Human Speech Intelligibility
Speech Materials
Human speech intelligibility was assessed in quiet for the three types of speech materials most frequently used for speech audiometry by HA audiologists in France (i.e., logatoms, words, and sentences; Rembaud et al., 2017). All stimuli were taken from the recordings produced by the Collège National d’Audioprothèse (CNA; 2007), a French nonprofit organization of HA audiologists providing technical, pedagogic, and deontological guidance and recommendations, as well as promoting scientific research in the domain of audiology (http://www.college-nat-audio.fr). All stimuli were pronounced by the same adult male native speaker of standard French and recorded using a 44.1-kHz sampling rate and 32-bit quantization.
For the identification of logatoms, the nonsense vowel–consonant–vowel (VCV) stimuli from Lists 1 to 4 of the test material, provided by the CNA (2007) and originally developed by Dodelé and Dodelé (2000), were used. Each of these VCV stimuli was composed of 1 of the 17 most frequent French consonants (C =/p,t,k,b,d,g,m,n,f,s,ʃ,v,z,ʒ,ʁ,l,w/), presented within a given vocalic context composed of two different vowels (V =/i,e,ɛ,,ø,o,ɔ,,a,ɑ,y,u/; e.g., “iza,” “ato”). Each list contained all consonants once (i.e., 17 logatoms), for a total of 68 logatoms used in the study.

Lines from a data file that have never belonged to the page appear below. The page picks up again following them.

(* Let $\gamma_i\in\mathcal{M}_{k_i}\otimes\mathcal{M}_{k_i}$, $i=1,\dots,n$, be states whose images are not contained in the anti-symmetric subspace of $\mathbb{C}^{k_i}\otimes\mathbb{C}^{k_i}$, and let $S=S(\gamma_1,\dots,\gamma_n)\in\mathcal{M}_{k_1\cdots k_n}\otimes\mathcal{M}_{k_1\cdots k_n}$. Then: (1) $S^\Gamma\ge0$ if and only if $\gamma_i^\Gamma\ge0$ for every $i$; (2) $\mathcal{R}(S^\Gamma)\ge0$ if and only if $\mathcal{R}(\gamma_i^\Gamma)\ge0$ for every $i$; (3) $\mathcal{R}(S)=S$ if and only if $\mathcal{R}(\gamma_i)=\gamma_i$ for every $i$.
   Context: $\mathcal{M}_k$ denotes complex $k\times k$ matrices; $\mathcal{M}_k\otimes\mathcal{M}_m\cong\mathcal{M}_{km}$ via the Kronecker product. A state is a positive semidefinite Hermitian matrix (not necessarily of trace one). The anti-symmetric subspace of $\mathbb{C}^k\otimes\mathbb{C}^k$ is $\{x:F_kx=-x\}$, where $F_k(v\otimes w)=w\otimes v$. Shuffle: if $\gamma_i=\sum_{j=1}^{n_i}A^i_j\otimes B^i_j\in\mathcal{M}_{k_i}\otimes\mathcal{M}_{m_i}$, then $S(\gamma_1,\dots,\gamma_n)=\sum_{j_1,\dots,j_n}A^1_{j_1}\otimes\cdots\otimes A^n_{j_n}\otimes B^1_{j_1}\otimes\cdots\otimes B^n_{j_n}\in\mathcal{M}_{k_1\cdots k_n}\otimes\mathcal{M}_{m_1\cdots m_n}$. Partial transpose: $(\sum_iA_i\otimes B_i)^\Gamma=\sum_iA_i\otimes B_i^t$. Realignment on $\mathcal{M}_k\otimes\mathcal{M}_k$: identify $\mathcal{M}_k$ with $\mathbb{C}^k\otimes\mathbb{C}^k$ via $\mathrm{vec}(vw^t)=v\otimes w$ (extended linearly), and set $\mathcal{R}(A\otimes B)=\mathrm{vec}(A)\mathrm{vec}(B)^t$, extended linearly. *)

theory Defs
  imports "Jordan_Normal_Form.Matrix"
begin

text \<open>A state: positive semidefinite Hermitian square matrix (not necessarily trace one).\<close>
definition psd :: "complex mat \<Rightarrow> bool" where
  "psd A \<longleftrightarrow> dim_row A = dim_col A \<and>
     (\<forall>i < dim_row A. \<forall>j < dim_row A. A $$ (i, j) = cnj (A $$ (j, i))) \<and>
     (\<forall>v \<in> carrier_vec (dim_row A).
        0 \<le> Re (\<Sum>i < dim_row A. \<Sum>j < dim_row A. cnj (v $ i) * A $$ (i, j) * v $ j))"

text \<open>Anti-symmetric subspace of C^k (x) C^k, with e_a (x) e_b = e_(a*k+b).\<close>
definition antisym_subspace :: "nat \<Rightarrow> complex vec set" where
  "antisym_subspace k = {x \<in> carrier_vec (k * k).
     \<forall>a < k. \<forall>b < k. x $ (b * k + a) = - (x $ (a * k + b))}"

definition mat_image :: "complex mat \<Rightarrow> complex vec set" where
  "mat_image A = {A *\<^sub>v v | v. v \<in> carrier_vec (dim_col A)}"

text \<open>Partial transpose on M_k (x) M_m (identified with M_(km) via Kronecker product).\<close>
definition ptrans :: "nat \<Rightarrow> complex mat \<Rightarrow> complex mat" where
  "ptrans m X = mat (dim_row X) (dim_col X)
     (\<lambda>(i, j). X $$ ((i div m) * m + j mod m, (j div m) * m + i mod m))"

text \<open>Realignment on M_k (x) M_k: R(E_ab (x) E_cd) = E_(ak+b, ck+d).\<close>
definition realign :: "nat \<Rightarrow> complex mat \<Rightarrow> complex mat" where
  "realign k X = mat (k * k) (k * k)
     (\<lambda>(i, j). X $$ ((i div k) * k + j div k, (i mod k) * k + j mod k))"

text \<open>Mixed-radix digit i (factor i, first factor most significant) of an index
  into C^(k_0) (x) ... (x) C^(k_(n-1)).\<close>
definition digit :: "(nat \<Rightarrow> nat) \<Rightarrow> nat \<Rightarrow> nat \<Rightarrow> nat \<Rightarrow> nat" where
  "digit k n i x = (x div (\<Prod>j \<in> {i<..<n}. k j)) mod k i"

text \<open>Shuffle S(g_0,...,g_(n-1)) with g_i in M_(k_i) (x) M_(k_i); the result lies in
  M_K (x) M_K with K = k_0 * ... * k_(n-1). Entrywise unfolding of
  sum A^1 (x) ... (x) A^n (x) B^1 (x) ... (x) B^n.\<close>
definition shuffle :: "nat \<Rightarrow> (nat \<Rightarrow> nat) \<Rightarrow> (nat \<Rightarrow> complex mat) \<Rightarrow> complex mat" where
  "shuffle n k g = (let K = (\<Prod>i<n. k i) in
     mat (K * K) (K * K) (\<lambda>(r, c).
       \<Prod>i<n. g i $$ (digit k n i (r div K) * k i + digit k n i (r mod K),
                      digit k n i (c div K) * k i + digit k n i (c mod K))))"

end

theory Submission
  imports Defs "HOL-Library.FuncSet"
begin

text \<open>
  Up to a reordering of tensor factors, the shuffle \<open>S\<close> is the Kronecker product
  \<open>\<gamma>\<^sub>1 \<otimes> \<dots> \<otimes> \<gamma>\<^sub>n\<close>, and partial transposition and realignment act factorwise, so
  \<open>S\<^sup>\<Gamma>\<close>, \<open>\<R>(S\<^sup>\<Gamma>)\<close> and \<open>\<R>(S)\<close> are the shuffles of the \<open>\<gamma>\<^sub>i\<^sup>\<Gamma>\<close>, \<open>\<R>(\<gamma>\<^sub>i\<^sup>\<Gamma>)\<close> and \<open>\<R>(\<gamma>\<^sub>i)\<close>.
  A Kronecker product of positive semidefinite matrices is positive semidefinite, since
  Gram decompositions multiply. Conversely, evaluating the quadratic form of a Kronecker
  product on a product vector \<open>w\<^sub>1 \<otimes> \<dots> \<otimes> x \<otimes> \<dots> \<otimes> w\<^sub>n\<close> gives the product of the
  factors' quadratic forms; choosing the \<open>w\<^sub>j\<close> with strictly positive values shows that each
  factor is positive semidefinite. Such \<open>w\<^sub>j\<close> exist because a state whose image is not
  anti-symmetric has a nonzero diagonal entry. Finally, equal Kronecker products have
  proportional factors, so \<open>\<R>(S) = S\<close> forces \<open>\<R>(\<gamma>\<^sub>i) = z \<gamma>\<^sub>i\<close>; as \<open>\<R>\<close> is an involution,
  \<open>z = \<plusminus>1\<close>, and \<open>z = -1\<close> is incompatible with positivity.
\<close>

section \<open>Positive semidefinite entry functions\<close>

text \<open>Square matrices are handled through their entry functions on \<open>{..<m}\<close>; entries of
  shuffles, partial transposes and realignments are then plain index arithmetic.\<close>

definition quad_form :: "nat \<Rightarrow> (nat \<Rightarrow> nat \<Rightarrow> complex) \<Rightarrow> (nat \<Rightarrow> complex) \<Rightarrow> complex" where
  "quad_form m M x = (\<Sum>i<m. \<Sum>j<m. cnj (x i) * M i j * x j)"

definition psd_fun :: "nat \<Rightarrow> (nat \<Rightarrow> nat \<Rightarrow> complex) \<Rightarrow> bool" where
  "psd_fun m M \<longleftrightarrow> (\<forall>i<m. \<forall>j<m. M i j = cnj (M j i)) \<and> (\<forall>x. 0 \<le> Re (quad_form m M x))"

lemma quad_form_cong:
  "(\<And>i j. i < m \<Longrightarrow> j < m \<Longrightarrow> M i j = M' i j) \<Longrightarrow> (\<And>i. i < m \<Longrightarrow> x i = x' i) \<Longrightarrow>
   quad_form m M x = quad_form m M' x'"
  unfolding quad_form_def by (intro sum.cong refl) auto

For the identification of words, 60 disyllabic masculine nouns (corresponding to 6 of the 40 ten-word lists developed by Fournier, 1951), each preceded by the French masculine definite article “le”, were used (e.g., “le soldat”—“the soldier”). Although these lists are not phonetically balanced, they are exclusively composed of nouns starting with a consonant and ending with any vowel other than /ə/, which has a special phonological status in the French language, to minimize differences in phonological structure between items within and across lists (Fournier, 1951).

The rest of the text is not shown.